É inegável que a modalidade on-line, impulsionada pelo avanço implacável do vírus, coloca seus impasses tal como uma pedra no meio do caminho, mas vale lembrar que Freud, como bem resgata Alberti, ensina a fazer do obstáculo um instrumento para análise. Lacan (1964/ 1988) também nos orienta, no seminário 11, que a presença do analista não se reduz à sua pessoa, pois ela é, antes de tudo, uma manifestação do inconsciente, que por sua vez é a “soma dos efeitos da fala, sobre um sujeito, nesse nível em que o sujeito se constitui pelos efeitos do significante” (p. 122). Pelo visto o vírus veio para por isto à prova.

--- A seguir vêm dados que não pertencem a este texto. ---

(* Let $n\ge 3$ and let $S\subseteq\mathbb{Z}_n\setminus\{0\}$ with $S=-S$. The circulant graph $\mathrm{Cay}(\mathbb{Z}_n,S)$ is $\mathbb{Z}_n$-distance antimagic if one of the following holds: (a) $n$ is even, $n/2\in S$, and, writing elements of $S$ as integers in $\{1,\ldots,n-1\}$, $S\setminus\{n/2\}$ contains exactly $2s$ even integers and $2t$ odd integers, where both $2(s-t)+1$ and $2(t-s)+1$ are coprime to $n$; (b) $\gcd(|S|,n)=1$. Moreover, if $|S|$ and $n$ are both even, then $\mathrm{Cay}(\mathbb{Z}_n,S)$ is not $\mathbb{Z}_n$-distance antimagic.
   Context: $\mathrm{Cay}(\mathbb{Z}_n,S)$ has vertex set $\mathbb{Z}_n$, with $x,y$ adjacent iff $x-y\in S$ (mod $n$). For a graph $G$ with $n$ vertices, a $\mathbb{Z}_n$-distance antimagic labelling is a bijection $f:V(G)\to\mathbb{Z}_n$ such that the weights $w_f(x)=\sum_{y\in N(x)} f(y)$ (mod $n$, $N(x)$ the open neighbourhood) are pairwise distinct; $G$ is $\mathbb{Z}_n$-distance antimagic if such a labelling exists. *)

theory Defs
  imports Main
begin

text \<open>A Z_n-distance antimagic labelling (n = |V|) is a bijection f : V -> {0..<n}
  (representing Z_n) such that the weights w(x) = (sum of f over the open
  neighbourhood of x) mod n are pairwise distinct.\<close>

definition Zn_distance_antimagic :: "'a set \<Rightarrow> ('a \<Rightarrow> 'a \<Rightarrow> bool) \<Rightarrow> bool" where
  "Zn_distance_antimagic V E \<longleftrightarrow>
     (\<exists>f. bij_betw f V {0..<card V} \<and>
          inj_on (\<lambda>x. (\<Sum>y\<in>{y\<in>V. E x y}. f y) mod card V) V)"

definition cay_vertices :: "nat \<Rightarrow> nat set" where
  "cay_vertices n = {0..<n}"

definition cay_adj :: "nat \<Rightarrow> nat set \<Rightarrow> nat \<Rightarrow> nat \<Rightarrow> bool" where
  "cay_adj n S x y \<longleftrightarrow> (int x - int y) mod int n \<in> int ` S"

end

theory Submission
  imports Defs
begin

(* The weight of x is the sum of the labels of the vertices x - s, s in S.  For the identity
   labelling it is |S| x - sum S, injective mod n when |S| is coprime to n.

   For even n the labelling y |-> y (y even), n - y (y odd) is y |-> (-1)^y y mod n, so the weight
   of x is (-1)^x sum_s (-1)^s (x - s).  Pairing s with n - s, which has the same parity, shows that
   sum_{s <> n/2} (-1)^s s vanishes mod n; what remains is
   (-1)^x (2k x + (-1)^(n/2) (x - n/2)) with 2k the number of even minus odd elements of S - {n/2}.
   This is congruent to x - n/2 mod 2, so equal weights force equal parity, and on a parity class it
   is affine in x with slope +-(2k +- 1), coprime to n.

   Conversely, weights that are distinct mod n sum to n(n-1)/2, which is n/2 mod n, whereas every
   label is counted |S| times in the total weight, which is therefore 0 mod n when |S| is even. *)

section \<open>Weights in circulant graphs\<close>

definition cay_weight :: "nat \<Rightarrow> nat set \<Rightarrow> (nat \<Rightarrow> nat) \<Rightarrow> nat \<Rightarrow> nat" where
  "cay_weight n S f x = (\<Sum>y\<in>{y\<in>cay_vertices n. cay_adj n S x y}. f y)"

lemma Zn_distance_antimagic_cay_iff:
  "Zn_distance_antimagic (cay_vertices n) (cay_adj n S) \<longleftrightarrow>
     (\<exists>f. bij_betw f {0..<n} {0..<n} \<and> inj_on (\<lambda>x. cay_weight n S f x mod n) {0..<n})"
  by (simp add: Zn_distance_antimagic_def cay_weight_def cay_vertices_def)

lemma cay_weight_eq_sum_shift:
  assumes S: "S \<subseteq> {..<n}" and x: "x < n"
  shows "cay_weight n S f x = (\<Sum>s\<in>S. f (nat ((int x - int s) mod int n)))"
  unfolding cay_weight_def cay_vertices_def
proof (rule sym, rule sum.reindex_bij_witness[where i="\<lambda>y. nat ((int x - int y) mod int n)"
                                                 and j="\<lambda>s. nat ((int x - int s) mod int n)"])
  fix s assume s: "s \<in> S"
  then have "s < n" using S by auto
  then show "nat ((int x - int (nat ((int x - int s) mod int n))) mod int n) = s"
            "nat ((int x - int s) mod int n) \<in> {y \<in> {0..<n}. cay_adj n S x y}"
    using s x by (auto simp: cay_adj_def nat_less_iff mod_diff_right_eq)
next
  fix y assume "y \<in> {y \<in> {0..<n}. cay_adj n S x y}"
  then show "nat ((int x - int (nat ((int x - int y) mod int n))) mod int n) = y"
            "nat ((int x - int y) mod int n) \<in> S"
    using x by (auto simp: cay_adj_def mod_diff_right_eq)
qed simp

lemma sum_shift_mod:
  fixes g :: "nat \<Rightarrow> 'b::comm_monoid_add"
  assumes "n > 0"
  shows "(\<Sum>x\<in>{0..<n}. g (nat ((int x - int s) mod int n))) = (\<Sum>x\<in>{0..<n}. g x)"
proof (rule sum.reindex_bij_witness[where j="\<lambda>x. nat ((int x - int s) mod int n)"
                                      and i="\<lambda>y. nat ((int y + int s) mod int n)"])
  fix x assume "x \<in> {0..<n}"
  then show "nat ((int (nat ((int x - int s) mod int n)) + int s) mod int n) = x"
            "nat ((int x - int s) mod int n) \<in> {0..<n}"
    using assms by (simp_all add: mod_add_left_eq nat_less_iff)
next
  fix y assume "y \<in> {0..<n}"
  then show "nat ((int (nat ((int y + int s) mod int n)) - int s) mod int n) = y"
            "nat ((int y + int s) mod int n) \<in> {0..<n}"
    using assms by (simp_all add: mod_diff_left_eq nat_less_iff)
qed simp

lemma sum_cay_weight:
  assumes "S \<subseteq> {..<n}" "n > 0"
  shows "(\<Sum>x\<in>{0..<n}. cay_weight n S f x) = card S * (\<Sum>x\<in>{0..<n}. f x)"
proof -
  have "(\<Sum>x\<in>{0..<n}. cay_weight n S f x)
      = (\<Sum>x\<in>{0..<n}. \<Sum>s\<in>S. f (nat ((int x - int s) mod int n)))"
    using assms(1) by (simp add: cay_weight_eq_sum_shift)
  also have "\<dots> = (\<Sum>s\<in>S. \<Sum>x\<in>{0..<n}. f (nat ((int x - int s) mod int n)))"
    by (rule sum.swap)
  also have "\<dots> = card S * (\<Sum>x\<in>{0..<n}. f x)"
    using sum_shift_mod[OF assms(2), of f] by simp
  finally show ?thesis .
qed

lemma eq_if_coprime_dvd_mult_diff:
  fixes c :: int
  assumes "coprime c (int n)" "int n dvd c * (int x - int y)" "x < n" "y < n"
  shows "x = y"
proof -
  have "int n dvd int x - int y"
    using assms(1,2) by (simp add: coprime_commute coprime_dvd_mult_right_iff)
  moreover have "\<bar>int x - int y\<bar> < int n" using assms(3,4) by auto
  ultimately have "int x - int y = 0" by (metis abs_of_nat dvd_imp_le_int not_less)
  then show ?thesis by simp
qed

section \<open>Coprime valency\<close>

lemma cay_weight_id_mod:
  assumes "S \<subseteq> {..<n}" "x < n"
  shows "int (cay_weight n S id x mod n) = (int (card S) * int x - (\<Sum>s\<in>S. int s)) mod int n"
proof -
  have "int (cay_weight n S id x mod n) = (\<Sum>s\<in>S. (int x - int s) mod int n) mod int n"
    using assms by (simp add: cay_weight_eq_sum_shift of_nat_mod)
  also have "\<dots> = (int (card S) * int x - (\<Sum>s\<in>S. int s)) mod int n"
    by (simp add: mod_sum_eq sum_subtractf)
  finally show ?thesis .
qed

lemma cay_antimagic_if_coprime_card:
  assumes S: "S \<subseteq> {..<n}" and cop: "coprime (card S) n"
  shows "Zn_distance_antimagic (cay_vertices n) (cay_adj n S)"
  unfolding Zn_distance_antimagic_cay_iff
proof (intro exI conjI)
  show "bij_betw id {0..<n} {0..<n}" by simp
  show "inj_on (\<lambda>x. cay_weight n S id x mod n) {0..<n}"
  proof (rule inj_onI)
    fix x y assume x: "x \<in> {0..<n}" and y: "y \<in> {0..<n}"
      and "cay_weight n S id x mod n = cay_weight n S id y mod n"
    then have "(int (card S) * int x - (\<Sum>s\<in>S. int s)) mod int n
             = (int (card S) * int y - (\<Sum>s\<in>S. int s)) mod int n"
      using cay_weight_id_mod[OF S] by (metis atLeastLessThan_iff)
    then have "int n dvd int (card S) * (int x - int y)"
      by (simp add: mod_eq_dvd_iff right_diff_distrib)
    from eq_if_coprime_dvd_mult_diff[OF _ this] cop x y show "x = y" by simp
  qed
qed

section \<open>Even valency and even order\<close>

lemma even_not_dvd_sum_below:
  fixes n :: nat
  assumes "even n" "n > 0"
  shows "\<not> n dvd \<Sum>{0..<n}"
proof
  obtain m where n: "n = 2 * m" and m: "m > 0" using assms by auto
  have "\<Sum>{0..<n} = m * (2 * m - 1)"
    by (simp add: Sum_Ico_nat n)
  also have "\<dots> = n * (m - 1) + m"
    using m by (cases m) (simp_all add: n algebra_simps)
  finally have "n dvd \<Sum>{0..<n} \<longleftrightarrow> n dvd m"
    by (simp add: dvd_add_right_iff)
  moreover assume "n dvd \<Sum>{0..<n}"
  ultimately show False using m n by (auto dest: dvd_imp_le)
qed

lemma cay_not_antimagic_if_even:
  assumes S: "S \<subseteq> {..<n}" and n: "n > 0" "even n" and "even (card S)"
  shows "\<not> Zn_distance_antimagic (cay_vertices n) (cay_adj n S)"
proof
  assume "Zn_distance_antimagic (cay_vertices n) (cay_adj n S)"
  then obtain f where bij: "bij_betw f {0..<n} {0..<n}"
    and inj: "inj_on (\<lambda>x. cay_weight n S f x mod n) {0..<n}"
    unfolding Zn_distance_antimagic_cay_iff by blast
  obtain c where c: "card S = 2 * c" using \<open>even (card S)\<close> by blast
  have "(\<lambda>x. cay_weight n S f x mod n) ` {0..<n} = {0..<n}"
    by (rule endo_inj_surj) (use inj n in auto)
  then have "\<Sum>{0..<n} = (\<Sum>x\<in>{0..<n}. cay_weight n S f x mod n)"
    using sum.reindex[OF inj, of id] by simp
  also have "\<dots> mod n = (\<Sum>x\<in>{0..<n}. cay_weight n S f x) mod n"
    by (rule mod_sum_eq)
  also have "(\<Sum>x\<in>{0..<n}. cay_weight n S f x) = card S * \<Sum>{0..<n}"
    using sum_cay_weight[OF S n(1)] sum.reindex_bij_betw[OF bij, of id] by simp
  also have "\<dots> = c * (2 * \<Sum>{0..<n})"
    using c by simp
  also have "2 * \<Sum>{0..<n} = n * (n - 1)"
    using n(2) by (simp add: Sum_Ico_nat dvd_mult_div_cancel)
  finally have "n dvd \<Sum>{0..<n}"
    by (simp add: mod_eq_0_iff_dvd)
  then show False
    using even_not_dvd_sum_below[OF n(2,1)] by blast
qed

section \<open>The alternating labelling\<close>

definition alternating_label :: "nat \<Rightarrow> nat \<Rightarrow> nat" where
  "alternating_label n y = (if even y then y else n - y)"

O desafio na atual conjectura pandêmica talvez seja apreender o que seria um esboço de uma análise on-line ao lidar justamente com a falta da imagem convencional de analista e analisando no consultório e se deparar com o que há de real na transferência: a iminência da morte imposta pelo vírus nos mantém ilhados cada um com sua tela e nos desafia a inventar uma forma de escutar um sujeito que insiste através dos chiados e ecos das conexões, que se articula e desarticula com as quedas da internet ou se assusta com sua própria imagem na tela.
Engana-se quem encara a pedra de Drummond ou o sumiço da imagem de Lacan para Skriabine como aquilo que faz obstáculo à fala. Miller em O Osso de uma análise (1998) é categórico ao interpretar Drummond quando diz que “é pelo caminho que a pedra existe, mas é também pela pedra que o caminho existe” (p. 31) e o mesmo pode ser dito de um percurso de análise. É por existir uma pedra, um analista, esse pedaço de real; essa presença da ausência que um caminho pode advir. Não recuemos.